Of course this is overly simplified.  This demonstration hash function wouldn’t really work in the real world because it is too easy to figure out combinations that would let hackers in.  This situation is called a collision… 8642, 5555, 8282, 1991, and 6446 all produce the same hash value of 20.  But real hash functions used for account login verification are much, much more complicated, and aren’t normally subject to problems with collisions.  But you get the idea.  Instead of storing the actual password, we store a value that is calculated from the password.  We can validate that someone knows the password without actually storing that password.

This has other advantages as well.  For example, using a hash function there is no limit to the length of the password, because hash result values are always the same length regardless of the amount of data going in.  Someone could enter 6 letters, or 200 random symbols, and either one can be hashed down to a value of a standard length that can be stored in the database. 

Because of this, you can sometimes tell web sites that don’t use hashes to securely store passwords because they enforce a maximum length for passwords.  This isn’t always the case, but it can be one indicator that the site’s security has been poorly designed.  But if you are signing up for an account on a web site and they have a low limit on the length of the password, like 12 characters, you might look for other signs of poor site security or privacy policies.  And definitely don’t reuse a password from another site.  Or just steer clear.

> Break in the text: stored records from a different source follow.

lemma sum_misses_ge:
  assumes "finite S" "\<forall>t<T. \<not> S \<subseteq> St t"
  shows "T \<le> (\<Sum>i\<in>S. misses St i T)"
  using assms(2)
proof (induction T)
  case (Suc T)
  then obtain i where i: "i \<in> S" "i \<notin> St T"
    by auto
  have "1 \<le> (\<Sum>i\<in>S. if i \<in> St T then 0 else 1::nat)"
    using member_le_sum[OF i(1), of "\<lambda>i. if i \<in> St T then 0 else 1::nat"] i(2) assms(1)
    by simp
  with Suc show ?case
    by (simp add: misses_Suc sum.distrib)
qed simp

locale perturbed_drift =
  fixes n k :: nat and S :: "nat set" and X b :: "nat \<Rightarrow> nat \<Rightarrow> real"
    and d :: "nat \<Rightarrow> real" and B M0 :: real
  assumes S_sub: "S \<subseteq> {..<n}" and card_S: "card S \<le> k" and k_less: "k < n"
    and step: "\<And>t j. X (Suc t) j = X t j + b t j + (if j \<in> S - largest n k (X t) then d j else 0)"
    and b_bound: "\<And>t j. j < n \<Longrightarrow> \<bar>b t j\<bar> \<le> B"
    and M0_bound: "\<And>j. j < n \<Longrightarrow> j \<notin> S \<Longrightarrow> \<bar>X 0 j\<bar> \<le> M0"
    and d_nonzero: "\<And>i. i \<in> S \<Longrightarrow> d i \<noteq> 0"
begin

abbreviation St :: "nat \<Rightarrow> nat set" where
  "St t \<equiv> largest n k (X t)"

lemma finite_S: "finite S"
  using S_sub finite_subset by blast

lemma M0_nonneg: "0 \<le> M0"
proof -
  have "\<not> {..<n} \<subseteq> S"
  proof
    assume "{..<n} \<subseteq> S"
    then have "card {..<n} \<le> card S"
      using finite_S by (rule card_mono[rotated])
    then show False
      using card_S k_less by simp
  qed
  then obtain j where "j < n" "j \<notin> S"
    by auto
  then show ?thesis
    using M0_bound abs_ge_zero order_trans by blast
qed

lemma sum_b_bound:
  assumes "j < n"
  shows "\<bar>\<Sum>t<T. b t j\<bar> \<le> real T * B"
proof -
  have "\<bar>\<Sum>t<T. b t j\<bar> \<le> (\<Sum>t<T. \<bar>b t j\<bar>)"
    by (rule sum_abs)
  also have "\<dots> \<le> (\<Sum>t<T. B)"
    using b_bound[OF assms] by (intro sum_mono) auto
  finally show ?thesis
    by simp
qed

lemma abs_X_outside_le:
  assumes "j < n" "j \<notin> S"
  shows "\<bar>X T j\<bar> \<le> M0 + real T * B"
proof -
  have "X T j = X 0 j + (\<Sum>t<T. b t j)"
    using drift_unfold[where d = 0 and St = St, of X j b T] step assms(2) by simp
  then show ?thesis
    using M0_bound[OF assms] sum_b_bound[OF assms(1), of T] by linarith
qed

lemma X_inside_eq:
  assumes "i \<in> S"
  shows "X T i = X 0 i + (\<Sum>t<T. b t i) + real (misses St i T) * d i"
  by (rule drift_unfold) (use step assms in auto)

lemma misses_weighted_le:
  assumes "i \<in> S"
  shows "\<bar>d i\<bar> * misses St i T \<le> M0 + \<bar>X 0 i\<bar> + 2 * real T * B + \<bar>d i\<bar>"
proof (induction T)
  case 0
  show ?case
    using M0_nonneg by simp
next
  case (Suc T)
  have i: "i < n"
    using S_sub assms by auto
  have B: "0 \<le> B"
    using b_bound[OF i] by (meson abs_ge_zero order_trans)
  show ?case
  proof (cases "i \<in> St T")
    case True
    then show ?thesis
      using Suc B by (simp add: misses_Suc algebra_simps)
  next
    case False
    then obtain j where j: "j < n" "j \<notin> S" "\<bar>X T i\<bar> \<le> \<bar>X T j\<bar>"
      using not_in_largest_dominated[OF finite_S card_S assms i] by blast
    have "\<bar>d i\<bar> * misses St i T = \<bar>X T i - X 0 i - (\<Sum>t<T. b t i)\<bar>"
      using X_inside_eq[OF assms, of T] by (simp add: abs_mult)
    also have "\<dots> \<le> (M0 + real T * B) + \<bar>X 0 i\<bar> + real T * B"
      using abs_X_outside_le[OF j(1,2), of T] j(3) sum_b_bound[OF i, of T] by linarith
    finally show ?thesis
      using False B by (simp add: misses_Suc algebra_simps)
  qed
qed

The down side to using hashes is that if you forget your password the site has no way of sending it to you… because they actually don’t know it.  That is why sites generate a brand-new, random passwords that they send to you via email when you forget your password.  They honestly have no idea what your password was, so the only solution is to create a new one and use that temporarily until you create your own.

The whole process is considerably more complicated than I’ve described here – or at least it should be.  Just using a hash isn’t sufficient, either, because we’ve got affordable computers these days that can calculate billions of hashes per second and are therefore capable of brute-forcing short passwords very quickly.  (A 6-letter password, for example, would be cracked hundreds of times over in just one second using a simple hash).  But for a site to use a hash on passwords is one step in the right direction.